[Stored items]
=== Begin Enclosure ===

theorem theorem4:
  fixes \<alpha> :: nat
  shows "(\<forall>m::nat. odd m \<and> m > 6*\<alpha>+2 \<longrightarrow>
            Betti [6, 6*\<alpha>+2, m] = {18*\<alpha>+6, 2*m})
       \<and> (\<forall>n::nat. \<not> 3 dvd n \<and> n > 6*\<alpha>+3 \<longrightarrow>
            Betti [6, 6*\<alpha>+3, n] = {12*\<alpha>+6, 3*n})
       \<and> (\<forall>p::nat. odd p \<and> p > 6*\<alpha>+4 \<longrightarrow>
            Betti [6, 6*\<alpha>+4, p] = {18*\<alpha>+12, 2*p})"
proof (intro conjI allI impI)
  fix m :: nat
  assume "odd m \<and> m > 6*\<alpha>+2"
  moreover have "coprime (3*\<alpha>+1) 3"
    by (rule coprime_3_if_not_dvd) presburger
  ultimately have "Betti [2*3, 2*(3*\<alpha>+1), m] = {3*(2*(3*\<alpha>+1)), 2*m}"
    by (intro Betti_pq_pk) simp_all
  then show "Betti [6, 6*\<alpha>+2, m] = {18*\<alpha>+6, 2*m}"
    by (simp add: algebra_simps numeral_eq_Suc)
next
  fix n :: nat
  assume "\<not> 3 dvd n \<and> n > 6*\<alpha>+3"
  then have "Betti [3*2, 3*(2*\<alpha>+1), n] = {2*(3*(2*\<alpha>+1)), 3*n}"
    by (intro Betti_pq_pk) (simp_all add: coprime_3_if_not_dvd)
  then show "Betti [6, 6*\<alpha>+3, n] = {12*\<alpha>+6, 3*n}"
    by (simp add: algebra_simps numeral_eq_Suc)
next
  fix p :: nat
  assume "odd p \<and> p > 6*\<alpha>+4"
  moreover have "coprime (3*\<alpha>+2) 3"
    by (rule coprime_3_if_not_dvd) presburger
  ultimately have "Betti [2*3, 2*(3*\<alpha>+2), p] = {3*(2*(3*\<alpha>+2)), 2*p}"
    by (intro Betti_pq_pk) simp_all
  then show "Betti [6, 6*\<alpha>+4, p] = {18*\<alpha>+12, 2*p}"
    by (simp add: algebra_simps numeral_eq_Suc)
qed
lemma Zk_eq_infsum_coprime_count:
  "Zk k eps = (\<Sum>\<^sub>\<infinity>q\<in>{q. q \<ge> 1 \<and> real q \<ge> 1 / eps}.
     mu_free (k+1) q * wt k q * real (coprime_count q (real q * eps)))"
proof -
  have "{m::nat. 1 \<le> m \<and> real m \<le> real q * eps} \<inter> {m. coprime m q}
      = {m. 1 \<le> m \<and> real m \<le> real q * eps \<and> coprime m q}" for q
    by auto
  then show ?thesis
    unfolding Zk_def coprime_count_def by (simp add: ac_simps)
qed

lemma Ztk_eq_infsum_coprime_count:
  "Ztk k N = (\<Sum>\<^sub>\<infinity>q\<in>{q. q \<ge> 1}.
     mu_free (k+1) q * wt k q * real (coprime_count q (real q / real N)))"
  unfolding Ztk_def coprime_count_def ..

lemma nat_floor_inverse_bounds:
  fixes eps :: real
  assumes "0 < eps" "eps < 1"
  defines "N \<equiv> nat \<lfloor>1 / eps\<rfloor>"
  shows "1 \<le> real N" "1 / eps < real N + 1" "eps * real N \<le> 1" "1 < eps * (real N + 1)"
proof -
  have "1 < 1 / eps"
    using assms(1,2) by simp
  then have "1 \<le> \<lfloor>1 / eps\<rfloor>"
    by linarith
  then have "real N = real_of_int \<lfloor>1 / eps\<rfloor>"
    unfolding N_def by (intro of_nat_nat) linarith
  then have "1 \<le> real N" "real N \<le> 1 / eps" "1 / eps < real N + 1"
    using \<open>1 \<le> \<lfloor>1 / eps\<rfloor>\<close> by linarith+
  then show "1 \<le> real N" "1 / eps < real N + 1" "eps * real N \<le> 1" "1 < eps * (real N + 1)"
    using assms(1) by (simp_all add: field_simps)
qed
lemma eps_cycle_unique_cylinder_hull:
  fixes C1 C2 :: "(real^3) set"
  assumes C1: "convex C1" "closed C1" "C1 \<noteq> {}" "C1 \<subseteq> {w. w$1 = -2 \<and> w$2 = 2}"
    and C2: "convex C2" "closed C2" "C2 \<noteq> {}" "C2 \<subseteq> {w. w$1 = 2 \<and> w$2 = 2}"
    and s: "strict_mono s" "\<And>k. 0 \<le> s k" "s \<longlonglongrightarrow> pi / 2"
    and z: "bounded (range z)"
    and e: "0 < e" "e < 1"
    and u: "eps_cycle C1 C2 (cylinder_hull s z) e u"
    and v: "eps_cycle C1 C2 (cylinder_hull s z) e v"
  shows "u = v"
proof -
  note C3 = cylinder_hull_properties[OF z]
  obtain u1 u2 u3 v1 v2 v3 where uv: "u = (u1, u2, u3)" "v = (v1, v2, v3)"
    by (metis prod_cases3)
  note diff = eps_cycle_differences[OF C1(1-3) C2(1-3) C3(1-3) e u[unfolded uv] v[unfolded uv]]
  define d where "d = u3 - v3"
  have "closest_point C1 u3 \<in> {w. w$1 = -2 \<and> w$2 = 2}"
    "closest_point C1 v3 \<in> {w. w$1 = -2 \<and> w$2 = 2}"
    using closest_point_in_set[OF C1(2,3)] C1(4) by blast+
  then have d12: "d$1 = 0" "d$2 = 0"
    unfolding d_def diff(1)[symmetric] by simp_all
  define p p' where "p = closest_point (cylinder_hull s z) u2"
    and "p' = closest_point (cylinder_hull s z) v2"
  have p': "p' = p - d"
    using diff(3,5) by (simp add: p_def p'_def d_def algebra_simps)
  have "inner (u2 - p) d = 0"
    using closest_point_translation_orthogonal[OF C3(1-3) diff(3)] diff(5) by (simp add: p_def d_def)
  then have "(u2 - p)$3 * d$3 = 0"
    using d12 by (simp add: inner_vec_def sum_3)
  moreover have "p'$3 = p$3" if "(u2 - p)$3 = 0"
  proof (rule eps_cycle_horizontal_normal_height[OF C1(2-4) C2(2-4) s z e u[unfolded uv] p_def that])
    show "p' \<in> cylinder_hull s z"
      using closest_point_in_set[OF C3(2,3)] by (simp add: p'_def)
    show "p'$1 = p$1" "p'$2 = p$2"
      using p' d12 by simp_all
  qed
  ultimately have "d = 0"
    using d12 p' by (auto simp: vec_eq_iff forall_3)
  then show "u = v"
    using diff(4,5) uv by (simp add: d_def)
qed
lemma multinom_append:
  assumes "v \<in> compositions k m" "k < a"
  shows "multinom a (Suc m) (v(m := a - k)) = (a choose k) * multinom k m v"
proof -
  have sum_v: "(\<Sum>j<m. v j) = k" using assms unfolding compositions_def by auto
  have sum_w: "(\<Sum>j<Suc m. (v(m := a - k)) j) = a" using sum_v assms(2) by simp
  have prod_w: "(\<Prod>j<Suc m. fact ((v(m := a - k)) j)) = (\<Prod>j<m. fact (v j)) * fact (a - k)"
    by simp
  have "fact a = multinom a (Suc m) (v(m := a - k)) * ((\<Prod>j<m. fact (v j)) * fact (a - k))"
    by (subst prod_w[symmetric]) (rule fact_eq_multinom[OF sum_w])
  moreover have "fact a = fact k * fact (a - k) * (a choose k)"
    using binomial_fact_lemma[of k a] assms(2) by simp
  ultimately have "multinom a (Suc m) (v(m := a - k)) * ((\<Prod>j<m. fact (v j)) * fact (a - k))
      = ((a choose k) * multinom k m v) * ((\<Prod>j<m. fact (v j)) * fact (a - k))"
    using fact_eq_multinom[OF sum_v] by (simp add: ac_simps)
  then show ?thesis by simp
qed

text \<open>Splitting off the last part of a composition gives the recursion of surj_count.\<close>
lemma sum_multinom_compositions_Suc:
  "(\<Sum>v\<in>compositions a (Suc m). multinom a (Suc m) v)
   = (\<Sum>k<a. (a choose k) * (\<Sum>v\<in>compositions k m. multinom k m v))"
proof -
  have "(\<Sum>k<a. (a choose k) * (\<Sum>v\<in>compositions k m. multinom k m v))
      = (\<Sum>(k, v)\<in>Sigma {..<a} (\<lambda>k. compositions k m). (a choose k) * multinom k m v)"
    by (simp add: sum_distrib_left sum.Sigma finite_compositions)
  also have "\<dots> = (\<Sum>v\<in>compositions a (Suc m). multinom a (Suc m) v)"
  proof (rule sum.reindex_bij_witness[where j = "\<lambda>(k, v). v(m := a - k)"
        and i = "\<lambda>v. (a - v m, v(m := undefined))"])
    fix x assume "x \<in> Sigma {..<a} (\<lambda>k. compositions k m)"
    then obtain k v where x: "x = (k, v)" "k < a" and v: "v \<in> compositions k m" by auto
    then have "\<forall>j<m. v j \<in> {1..k}" "(\<Sum>j<m. v j) = k" "\<forall>j\<ge>m. v j = undefined"
      unfolding compositions_def by (auto simp: PiE_iff extensional_def)
    then show "(case x of (k, v) \<Rightarrow> v(m := a - k)) \<in> compositions a (Suc m)"
      and "(\<lambda>v. (a - v m, v(m := undefined))) (case x of (k, v) \<Rightarrow> v(m := a - k)) = x"
      using x unfolding compositions_def by (auto simp: PiE_iff extensional_def less_Suc_eq)
    show "multinom a (Suc m) (case x of (k, v) \<Rightarrow> v(m := a - k)) =
          (case x of (k, v) \<Rightarrow> (a choose k) * multinom k m v)"
      using x v multinom_append by auto
  next
    fix y assume "y \<in> compositions a (Suc m)"
    then have y: "\<forall>j<Suc m. y j \<in> {1..a}" "\<forall>j\<ge>Suc m. y j = undefined"
      "(\<Sum>j<m. y j) + y m = a"
      unfolding compositions_def by (auto simp: PiE_iff extensional_def)
    have "\<And>j. j < m \<Longrightarrow> y j \<le> (\<Sum>j<m. y j)" by (rule member_le_sum) auto
    then show "(a - y m, y(m := undefined)) \<in> Sigma {..<a} (\<lambda>k. compositions k m)"
      and "(case (a - y m, y(m := undefined)) of (k, v) \<Rightarrow> v(m := a - k)) = y"
      using y unfolding compositions_def by (auto simp: PiE_iff extensional_def)
  qed
  finally show ?thesis by simp
qed

lemma sum_multinom_compositions: "(\<Sum>v\<in>compositions a m. multinom a m v) = surj_count a m"
proof (induction m arbitrary: a)
  case 0
  have "compositions a 0 = (if a = 0 then {\<lambda>_. undefined} else {})"
    unfolding compositions_def by auto
  then show ?case by (simp add: multinom_def)
next
  case (Suc m)
  then show ?case by (simp add: sum_multinom_compositions_Suc)
qed

text \<open>In a composition of a into m positive parts each part is at most a - m + 1, so the
  index set of D(a,a,m) is exactly the set of compositions.\<close>
lemma compositions_bounded_parts:
  assumes "1 \<le> m"
  shows "{v \<in> PiE {..<m} (\<lambda>_. {1..a-m+1}). (\<Sum>k<m. v k) = a} = compositions a m"
proof
  show "{v \<in> PiE {..<m} (\<lambda>_. {1..a-m+1}). (\<Sum>k<m. v k) = a} \<subseteq> compositions a m"
    unfolding compositions_def using assms by (auto simp: PiE_iff intro!: member_le_sum)
next
  show "compositions a m \<subseteq> {v \<in> PiE {..<m} (\<lambda>_. {1..a-m+1}). (\<Sum>k<m. v k) = a}"
  proof
    fix y assume "y \<in> compositions a m"
    then have y: "\<forall>j<m. y j \<in> {1..a}" "(\<Sum>j<m. y j) = a" "y \<in> extensional {..<m}"
      unfolding compositions_def by (auto simp: PiE_iff)
    have "y k \<le> a - m + 1" if k: "k < m" for k
    proof -
      have "(\<Sum>j<m. y j) = y k + (\<Sum>j\<in>{..<m}-{k}. y j)"
        using k by (simp add: sum.remove)
      moreover have "(\<Sum>j\<in>{..<m}-{k}. y j) \<ge> (\<Sum>j\<in>{..<m}-{k}. 1)"
        using y(1) by (intro sum_mono) auto
      ultimately show ?thesis using y(2) k by simp
    qed
    then show "y \<in> {v \<in> PiE {..<m} (\<lambda>_. {1..a-m+1}). (\<Sum>k<m. v k) = a}"
      using y by (auto simp: PiE_iff)
  qed
qed

lemma Dcoef_diag_eq_surj_count:
  assumes "1 \<le> m"
  shows "Dcoef a a m = (of_nat (surj_count a m) :: 'a::semiring_1)"
  unfolding Dcoef_def compositions_bounded_parts[OF assms] sum_multinom_compositions ..

lemma surj_count_less: "k < m \<Longrightarrow> surj_count k m = 0"
  by (induction m arbitrary: k) auto

lemma surj_count_diag: "surj_count m m = fact m"
proof (induction m)
  case 0 then show ?case by simp
next
  case (Suc m)
  have "surj_count (Suc m) (Suc m)
      = (\<Sum>k<m. (Suc m choose k) * surj_count k m) + (Suc m choose m) * surj_count m m"
    by simp
  then show ?case using Suc by (simp add: surj_count_less)
qed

=== End Enclosure ===

TASK:
Whenever the word "where" appears in a line above, copy that line.

FINISHED EXERCISE:
  obtain u1 u2 u3 v1 v2 v3 where uv: "u = (u1, u2, u3)" "v = (v1, v2, v3)"
  define d where "d = u3 - v3"
  define p p' where "p = closest_point (cylinder_hull s z) u2"
  proof (rule sum.reindex_bij_witness[where j = "\<lambda>(k, v). v(m := a - k)"
    then obtain k v where x: "x = (k, v)" "k < a" and v: "v \<in> compositions k m" by auto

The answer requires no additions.